• _Problem requirements_
Would you show every line from the records that holds "definition"?
• • • • • • •
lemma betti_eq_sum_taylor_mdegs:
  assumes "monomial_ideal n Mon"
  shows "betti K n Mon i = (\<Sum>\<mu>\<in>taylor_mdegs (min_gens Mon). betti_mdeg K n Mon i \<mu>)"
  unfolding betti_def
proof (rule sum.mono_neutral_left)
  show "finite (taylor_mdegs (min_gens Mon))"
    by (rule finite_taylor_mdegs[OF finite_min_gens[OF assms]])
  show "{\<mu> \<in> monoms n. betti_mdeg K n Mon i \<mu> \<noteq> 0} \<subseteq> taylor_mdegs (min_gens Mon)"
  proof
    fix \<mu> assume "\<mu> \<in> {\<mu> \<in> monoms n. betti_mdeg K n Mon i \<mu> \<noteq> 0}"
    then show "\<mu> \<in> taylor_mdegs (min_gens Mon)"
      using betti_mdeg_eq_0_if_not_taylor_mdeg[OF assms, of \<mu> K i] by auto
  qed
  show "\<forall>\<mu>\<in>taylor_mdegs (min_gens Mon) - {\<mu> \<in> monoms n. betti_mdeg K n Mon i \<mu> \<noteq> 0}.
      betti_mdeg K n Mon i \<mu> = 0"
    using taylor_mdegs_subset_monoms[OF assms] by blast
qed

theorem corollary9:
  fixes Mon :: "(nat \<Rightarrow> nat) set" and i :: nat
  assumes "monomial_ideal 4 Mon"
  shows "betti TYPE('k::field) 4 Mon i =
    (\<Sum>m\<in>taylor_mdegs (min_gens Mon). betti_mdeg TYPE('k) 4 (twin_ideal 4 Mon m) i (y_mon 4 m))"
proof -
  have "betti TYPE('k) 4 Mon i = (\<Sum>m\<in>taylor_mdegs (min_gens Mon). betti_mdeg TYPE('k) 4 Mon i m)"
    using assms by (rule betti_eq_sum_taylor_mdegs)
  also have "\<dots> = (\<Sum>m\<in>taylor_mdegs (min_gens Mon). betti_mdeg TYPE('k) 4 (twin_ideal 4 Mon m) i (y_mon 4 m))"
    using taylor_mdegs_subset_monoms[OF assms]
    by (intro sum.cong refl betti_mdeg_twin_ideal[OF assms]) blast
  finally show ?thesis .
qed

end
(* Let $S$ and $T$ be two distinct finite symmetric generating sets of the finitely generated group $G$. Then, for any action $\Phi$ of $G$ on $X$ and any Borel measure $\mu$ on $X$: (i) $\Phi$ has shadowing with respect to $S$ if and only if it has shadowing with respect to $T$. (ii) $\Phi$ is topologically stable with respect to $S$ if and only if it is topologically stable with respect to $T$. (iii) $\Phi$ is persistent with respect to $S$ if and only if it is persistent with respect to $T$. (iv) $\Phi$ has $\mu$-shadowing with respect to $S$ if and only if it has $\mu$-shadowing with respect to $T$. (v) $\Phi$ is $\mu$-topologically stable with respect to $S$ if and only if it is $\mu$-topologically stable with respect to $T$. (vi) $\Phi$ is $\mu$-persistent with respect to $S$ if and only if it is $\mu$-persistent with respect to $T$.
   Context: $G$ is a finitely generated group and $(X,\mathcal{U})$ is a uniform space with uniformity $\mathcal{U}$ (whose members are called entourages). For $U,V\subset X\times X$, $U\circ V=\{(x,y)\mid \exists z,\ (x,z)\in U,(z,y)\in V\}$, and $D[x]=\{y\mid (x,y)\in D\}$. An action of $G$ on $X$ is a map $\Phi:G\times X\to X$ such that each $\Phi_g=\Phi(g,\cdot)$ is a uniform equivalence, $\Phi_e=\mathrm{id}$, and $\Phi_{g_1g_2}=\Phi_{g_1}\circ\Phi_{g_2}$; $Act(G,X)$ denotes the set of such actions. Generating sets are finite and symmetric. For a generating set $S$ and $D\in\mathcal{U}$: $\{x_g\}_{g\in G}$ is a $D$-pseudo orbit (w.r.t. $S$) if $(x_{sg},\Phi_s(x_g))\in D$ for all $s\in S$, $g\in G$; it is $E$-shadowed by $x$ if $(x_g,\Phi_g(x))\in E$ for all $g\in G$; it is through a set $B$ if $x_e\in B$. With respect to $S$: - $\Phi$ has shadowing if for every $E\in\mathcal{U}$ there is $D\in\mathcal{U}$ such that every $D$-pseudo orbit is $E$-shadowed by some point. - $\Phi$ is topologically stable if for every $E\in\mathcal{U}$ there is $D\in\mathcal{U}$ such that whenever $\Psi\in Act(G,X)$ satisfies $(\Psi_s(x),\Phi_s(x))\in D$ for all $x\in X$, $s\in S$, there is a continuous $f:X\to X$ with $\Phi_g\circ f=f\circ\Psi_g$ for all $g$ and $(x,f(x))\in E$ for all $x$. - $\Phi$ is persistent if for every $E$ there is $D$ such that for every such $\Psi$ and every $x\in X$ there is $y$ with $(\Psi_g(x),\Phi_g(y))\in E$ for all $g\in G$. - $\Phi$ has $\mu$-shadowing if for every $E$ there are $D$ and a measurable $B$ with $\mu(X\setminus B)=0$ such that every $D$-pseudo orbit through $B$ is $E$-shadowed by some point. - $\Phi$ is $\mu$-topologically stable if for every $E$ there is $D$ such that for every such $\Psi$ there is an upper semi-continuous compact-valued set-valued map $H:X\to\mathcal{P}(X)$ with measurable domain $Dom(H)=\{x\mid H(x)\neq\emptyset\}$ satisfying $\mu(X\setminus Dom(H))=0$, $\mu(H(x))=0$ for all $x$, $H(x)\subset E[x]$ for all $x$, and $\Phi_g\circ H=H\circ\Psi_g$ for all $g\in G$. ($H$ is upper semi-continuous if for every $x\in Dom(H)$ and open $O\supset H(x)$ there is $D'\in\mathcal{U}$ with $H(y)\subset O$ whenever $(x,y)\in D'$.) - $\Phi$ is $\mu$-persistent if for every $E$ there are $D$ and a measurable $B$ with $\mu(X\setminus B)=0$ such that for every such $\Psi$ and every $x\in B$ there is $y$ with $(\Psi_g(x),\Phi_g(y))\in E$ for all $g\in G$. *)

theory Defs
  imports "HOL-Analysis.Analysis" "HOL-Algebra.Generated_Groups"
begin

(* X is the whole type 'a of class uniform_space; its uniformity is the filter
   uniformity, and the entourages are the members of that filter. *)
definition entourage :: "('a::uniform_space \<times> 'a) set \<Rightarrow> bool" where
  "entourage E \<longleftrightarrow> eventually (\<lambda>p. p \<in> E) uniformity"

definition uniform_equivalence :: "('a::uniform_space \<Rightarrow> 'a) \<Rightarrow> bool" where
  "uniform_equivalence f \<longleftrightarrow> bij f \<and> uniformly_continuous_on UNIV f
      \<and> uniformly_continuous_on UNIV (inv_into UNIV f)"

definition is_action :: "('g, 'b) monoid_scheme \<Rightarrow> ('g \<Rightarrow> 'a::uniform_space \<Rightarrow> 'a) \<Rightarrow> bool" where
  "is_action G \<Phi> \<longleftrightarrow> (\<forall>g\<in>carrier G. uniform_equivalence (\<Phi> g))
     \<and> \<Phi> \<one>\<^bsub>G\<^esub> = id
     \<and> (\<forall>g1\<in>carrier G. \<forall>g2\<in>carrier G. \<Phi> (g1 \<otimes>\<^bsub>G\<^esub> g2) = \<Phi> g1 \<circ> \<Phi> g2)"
• • • • • • •
• _Written answer_
definition entourage :: "('a::uniform_space \<times> 'a) set \<Rightarrow> bool" where
definition uniform_equivalence :: "('a::uniform_space \<Rightarrow> 'a) \<Rightarrow> bool" where
definition is_action :: "('g, 'b) monoid_scheme \<Rightarrow> ('g \<Rightarrow> 'a::uniform_space \<Rightarrow> 'a) \<Rightarrow> bool" where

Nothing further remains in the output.